Nah, that is ok, as long as everyone is ok with the interpretation (always report as "this file at this date time")
It's a good idea to add unique constraint on the filename.
OK, I can add it if you all want.
@lparsons @fkang-pu @hepcat72 regarding foreign-key/attribute naming conventions, do you have a strong preference going forward on how to name columns/methods such as the existing
PeakGroup.ms_run
referencing MsRun
class (i.e. added underscore),
https://github.com/Princeton-LSI-ResearchComputing/tracebase/blob/e9be74d48cc5b66eb5d112193fe177f7f18070f9/DataRepo/models.py#L216-L222
or the presumptive addition in this issue of
either PeakGroup.peakgroupset
or PeakGroup.peak_group_set
for the foreign key from PeakGroup
to PeakGroupSet
May want to add a note on the coding/naming styles going forward, if a consensus decision is made.

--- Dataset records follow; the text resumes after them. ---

(* Let $G$ be a graph and let $v\in V(G)$. Then $v$ is Z-irrelevant (i.e., $v$ is not contained in any minimal zero forcing set of $G$) if and only if $v$ is not contained in any minimal fort of $G$.
   Context: Graphs are simple, finite, undirected, with nonempty vertex set; $N(v)$ denotes the open neighborhood of $v$. Zero forcing: starting from an initial set $B$ of blue vertices (all others white), repeatedly apply the color change rule: a blue vertex $u$ changes a white vertex $w$ to blue if $w$ is the only white neighbor of $u$. $B$ is a zero forcing set if eventually all vertices become blue. A minimal zero forcing set is a zero forcing set no proper subset of which is a zero forcing set. A nonempty set $F\subseteq V(G)$ is a fort if for every $v\in V(G)\setminus F$, $|N(v)\cap F|\neq 1$. A minimal fort is a fort that properly contains no other fort. *)

theory Defs
  imports Main
begin

definition simple_graph :: "'a set \<Rightarrow> ('a \<Rightarrow> 'a \<Rightarrow> bool) \<Rightarrow> bool" where
  "simple_graph V E \<longleftrightarrow> finite V \<and> V \<noteq> {} \<and>
     (\<forall>u w. E u w \<longrightarrow> u \<in> V \<and> w \<in> V) \<and>
     (\<forall>u w. E u w \<longrightarrow> E w u) \<and> (\<forall>u. \<not> E u u)"

definition nbhd :: "'a set \<Rightarrow> ('a \<Rightarrow> 'a \<Rightarrow> bool) \<Rightarrow> 'a \<Rightarrow> 'a set" where
  "nbhd V E v = {u \<in> V. E v u}"

text \<open>One application of the colour change rule: S is the current blue set,
a blue vertex u whose only white neighbour is w turns w blue.\<close>
definition zf_step :: "'a set \<Rightarrow> ('a \<Rightarrow> 'a \<Rightarrow> bool) \<Rightarrow> 'a set \<Rightarrow> 'a set \<Rightarrow> bool" where
  "zf_step V E S S' \<longleftrightarrow> (\<exists>u w. u \<in> S \<and> w \<in> V - S \<and> nbhd V E u - S = {w} \<and> S' = insert w S)"

definition zero_forcing_set :: "'a set \<Rightarrow> ('a \<Rightarrow> 'a \<Rightarrow> bool) \<Rightarrow> 'a set \<Rightarrow> bool" where
  "zero_forcing_set V E B \<longleftrightarrow> B \<subseteq> V \<and> (zf_step V E)\<^sup>*\<^sup>* B V"

definition minimal_zero_forcing_set :: "'a set \<Rightarrow> ('a \<Rightarrow> 'a \<Rightarrow> bool) \<Rightarrow> 'a set \<Rightarrow> bool" where
  "minimal_zero_forcing_set V E B \<longleftrightarrow> zero_forcing_set V E B \<and>
     (\<forall>B'. B' \<subset> B \<longrightarrow> \<not> zero_forcing_set V E B')"

definition fort :: "'a set \<Rightarrow> ('a \<Rightarrow> 'a \<Rightarrow> bool) \<Rightarrow> 'a set \<Rightarrow> bool" where
  "fort V E F \<longleftrightarrow> F \<noteq> {} \<and> F \<subseteq> V \<and> (\<forall>v \<in> V - F. card (nbhd V E v \<inter> F) \<noteq> 1)"

definition minimal_fort :: "'a set \<Rightarrow> ('a \<Rightarrow> 'a \<Rightarrow> bool) \<Rightarrow> 'a set \<Rightarrow> bool" where
  "minimal_fort V E F \<longleftrightarrow> fort V E F \<and> (\<forall>F'. F' \<subset> F \<longrightarrow> \<not> fort V E F')"

definition Z_irrelevant :: "'a set \<Rightarrow> ('a \<Rightarrow> 'a \<Rightarrow> bool) \<Rightarrow> 'a \<Rightarrow> bool" where
  "Z_irrelevant V E v \<longleftrightarrow> \<not> (\<exists>B. minimal_zero_forcing_set V E B \<and> v \<in> B)"

end

theory Submission
  imports Defs
begin

text \<open>A set is zero forcing exactly when it meets every fort: a force never enters a fort
from outside, since the forcing vertex would have exactly one neighbour in it; conversely the
white vertices of a stalled colouring form a fort. Given a minimal fort F containing v, the set
(V - F) \<union> {v} meets every fort, and any minimal zero forcing set inside it must still meet F,
hence contain v. Given a minimal zero forcing set B containing v, the set B - {v} misses some
fort, and a minimal fort inside it must still meet B, hence contain v.\<close>

lemma exists_minimal_subset:
  assumes "finite V" and "P S" and "\<And>S. P S \<Longrightarrow> S \<subseteq> V"
  shows "\<exists>S'. S' \<subseteq> S \<and> P S' \<and> (\<forall>S''. S'' \<subset> S' \<longrightarrow> \<not> P S'')"
proof -
  let ?C = "{S'. P S' \<and> S' \<subseteq> S}"
  have "finite ?C"
    by (rule finite_subset[of _ "Pow V"]) (use assms in auto)
  then obtain M where M: "M \<in> ?C" and minimal: "\<forall>S'\<in>?C. S' \<subseteq> M \<longrightarrow> M = S'"
    using finite_has_minimal[of ?C] assms(2) by blast
  have "\<not> P S''" if "S'' \<subset> M" for S''
    using that M minimal by blast
  with M show ?thesis by blast
qed

lemma fort_has_minimal_fort:
  assumes "simple_graph V E" and "fort V E F"
  shows "\<exists>F'. F' \<subseteq> F \<and> minimal_fort V E F'"
proof -
  have "finite V" using assms(1) unfolding simple_graph_def by blast
  moreover have "F' \<subseteq> V" if "fort V E F'" for F'
    using that unfolding fort_def by blast
  ultimately show ?thesis
    using exists_minimal_subset[of V "fort V E" F] assms(2) unfolding minimal_fort_def by blast
qed

lemma zero_forcing_set_has_minimal:
  assumes "simple_graph V E" and "zero_forcing_set V E B"
  shows "\<exists>B'. B' \<subseteq> B \<and> minimal_zero_forcing_set V E B'"
proof -
  have "finite V" using assms(1) unfolding simple_graph_def by blast
  moreover have "B' \<subseteq> V" if "zero_forcing_set V E B'" for B'
    using that unfolding zero_forcing_set_def by blast
  ultimately show ?thesis
    using exists_minimal_subset[of V "zero_forcing_set V E" B] assms(2)
    unfolding minimal_zero_forcing_set_def by blast
qed

lemma zf_steps_avoid_fort:
  assumes "fort V E F" and "(zf_step V E)\<^sup>*\<^sup>* B S" and "B \<subseteq> V - F"
  shows "S \<subseteq> V - F"
  using assms(2)
proof (induction rule: rtranclp_induct)
  case base
  show ?case using assms(3) .
next
  case (step S S')
  then obtain u w where u: "u \<in> S" and w: "w \<in> V - S" and forced: "nbhd V E u - S = {w}"
    and S': "S' = insert w S"
    unfolding zf_step_def by blast
  have "w \<notin> F"
  proof
    assume "w \<in> F"
    have "nbhd V E u \<inter> F \<subseteq> nbhd V E u - S" using step.IH by blast
    with forced \<open>w \<in> F\<close> have "nbhd V E u \<inter> F = {w}" by blast
    then have "card (nbhd V E u \<inter> F) = 1" by simp
    moreover have "u \<in> V - F" using u step by blast
    ultimately show False using assms(1) unfolding fort_def by blast
  qed
  then show ?case using w S' step by blast
qed

lemma zero_forcing_set_meets_fort:
  assumes "zero_forcing_set V E B" and "fort V E F"
  shows "F \<inter> B \<noteq> {}"
proof
  assume "F \<inter> B = {}"
  with assms(1) have "B \<subseteq> V - F" and "(zf_step V E)\<^sup>*\<^sup>* B V"
    unfolding zero_forcing_set_def by blast+
  then have "V \<subseteq> V - F" by (rule zf_steps_avoid_fort[OF assms(2), rotated])
  with assms(2) show False unfolding fort_def by blast
qed

lemma stalled_complement_is_fort:
  assumes "S \<subset> V" and stalled: "\<And>S'. \<not> zf_step V E S S'"
  shows "fort V E (V - S)"
  unfolding fort_def
proof (intro conjI ballI)
  fix x assume x: "x \<in> V - (V - S)"
  show "card (nbhd V E x \<inter> (V - S)) \<noteq> 1"
  proof
    assume "card (nbhd V E x \<inter> (V - S)) = 1"
    then obtain w where w: "nbhd V E x \<inter> (V - S) = {w}" by (auto simp: card_Suc_eq)
    then have "nbhd V E x - S = {w}" unfolding nbhd_def by blast
    with x w have "zf_step V E S (insert w S)" unfolding zf_step_def by blast
    with stalled show False by blast
  qed
qed (use assms(1) in auto)

lemma meets_all_forts_imp_zero_forcing_set:
  assumes "simple_graph V E" and "B \<subseteq> V" and meets: "\<And>F. fort V E F \<Longrightarrow> F \<inter> B \<noteq> {}"
  shows "zero_forcing_set V E B"
proof -
  let ?R = "{S. (zf_step V E)\<^sup>*\<^sup>* B S \<and> S \<subseteq> V}"
  have reachable_bounds: "B \<subseteq> S \<and> S \<subseteq> V" if "(zf_step V E)\<^sup>*\<^sup>* B S" for S
    using that by induction (use assms(2) in \<open>auto simp: zf_step_def\<close>)
  have "finite ?R"
    by (rule finite_subset[of _ "Pow V"]) (use assms(1) in \<open>auto simp: simple_graph_def\<close>)
  moreover have "B \<in> ?R" using assms(2) by blast
  ultimately obtain S where S: "S \<in> ?R" and maximal: "\<forall>S'\<in>?R. S \<subseteq> S' \<longrightarrow> S = S'"
    using finite_has_maximal[of ?R] by blast
  have "S = V"
  proof (rule ccontr)
    assume "S \<noteq> V"
    with S have "S \<subset> V" by blast
    moreover have "\<not> zf_step V E S S'" for S'
    proof
      assume step: "zf_step V E S S'"
      with S have "(zf_step V E)\<^sup>*\<^sup>* B S'" by auto
      moreover have "S \<subset> S'" and "S' \<subseteq> V"
        using step S unfolding zf_step_def by auto
      ultimately show False using maximal by blast
    qed
    ultimately have "fort V E (V - S)" by (rule stalled_complement_is_fort)
    with meets reachable_bounds S show False by blast
  qed
  with S assms(2) show ?thesis unfolding zero_forcing_set_def by blast
qed

lemma zero_forcing_set_iff_meets_all_forts:
  assumes "simple_graph V E"
  shows "zero_forcing_set V E B \<longleftrightarrow> B \<subseteq> V \<and> (\<forall>F. fort V E F \<longrightarrow> F \<inter> B \<noteq> {})"
  using zero_forcing_set_meets_fort meets_all_forts_imp_zero_forcing_set[OF assms]
  unfolding zero_forcing_set_def by blast

lemma minimal_fort_member_in_minimal_zero_forcing_set:
  assumes g: "simple_graph V E" and F: "minimal_fort V E F" and "v \<in> F"
  shows "\<exists>B. minimal_zero_forcing_set V E B \<and> v \<in> B"
proof -
  let ?T = "(V - F) \<union> {v}"
  have "zero_forcing_set V E ?T"
    unfolding zero_forcing_set_iff_meets_all_forts[OF g]
  proof (intro conjI allI impI)
    show "?T \<subseteq> V" using F \<open>v \<in> F\<close> unfolding minimal_fort_def fort_def by blast
    fix F' assume F': "fort V E F'"
    show "F' \<inter> ?T \<noteq> {}"
    proof (cases "F' \<subseteq> F")
      case True
      with F F' have "F' = F" unfolding minimal_fort_def by blast
      with \<open>v \<in> F\<close> show ?thesis by blast
    next
      case False
      with F' show ?thesis unfolding fort_def by blast
    qed
  qed
  then obtain B where B: "B \<subseteq> ?T" "minimal_zero_forcing_set V E B"
    using zero_forcing_set_has_minimal[OF g] by blast
  moreover from B have "zero_forcing_set V E B"
    unfolding minimal_zero_forcing_set_def by blast
  moreover from F have "fort V E F"
    unfolding minimal_fort_def by blast
  ultimately have "F \<inter> B \<noteq> {}"
    using zero_forcing_set_meets_fort by blast
  with B have "v \<in> B" by blast
  with B show ?thesis by blast
qed

lemma minimal_zero_forcing_set_member_in_minimal_fort:
  assumes g: "simple_graph V E" and B: "minimal_zero_forcing_set V E B" and "v \<in> B"
  shows "\<exists>F. minimal_fort V E F \<and> v \<in> F"
proof -
  have "\<not> zero_forcing_set V E (B - {v})" and "B \<subseteq> V"
    using B \<open>v \<in> B\<close> unfolding minimal_zero_forcing_set_def zero_forcing_set_def by blast+
  then obtain F where F: "fort V E F" "F \<inter> (B - {v}) = {}"
    using zero_forcing_set_iff_meets_all_forts[OF g, of "B - {v}"] by blast
  obtain F' where F': "F' \<subseteq> F" "minimal_fort V E F'"
    using fort_has_minimal_fort[OF g F(1)] by blast
  moreover from B have "zero_forcing_set V E B"
    unfolding minimal_zero_forcing_set_def by blast
  moreover from F' have "fort V E F'"
    unfolding minimal_fort_def by blast
  ultimately have "F' \<inter> B \<noteq> {}"
    using zero_forcing_set_meets_fort by blast
  with F F' have "v \<in> F'" by blast
  with F' show ?thesis by blast
qed

theorem proposition1p6:
  fixes V :: "'a set" and E :: "'a \<Rightarrow> 'a \<Rightarrow> bool" and v :: 'a
  assumes "simple_graph V E" and "v \<in> V"
  shows "Z_irrelevant V E v \<longleftrightarrow> \<not> (\<exists>F. minimal_fort V E F \<and> v \<in> F)"
  unfolding Z_irrelevant_def
  using minimal_fort_member_in_minimal_zero_forcing_set[OF assms(1)]
    minimal_zero_forcing_set_member_in_minimal_fort[OF assms(1)]
  by metis

end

Generally, camelcase to underscore seems to be the more popular representation.
Good question John. I would prefer we be consistent with how other fields and relationships are named. I believe that would be using underscores (_
), so probably PeakGroup.peak_group_set
. I'm fine with updating those notes, but I'd prefer they live in the repository in git and not on nplcadmin docs (e.g. CONTRIBUTING.md
or README.md
).
Using understore is fine with me - easy to read. So far, I can retrieve the value(s) for foreign keys as long as I use the field names defined for that model class.
Just noting that to add this non-nullable foreign key to PeakGroup, I will probably need to revert to an earlier version of the database/model, and make migrations from there...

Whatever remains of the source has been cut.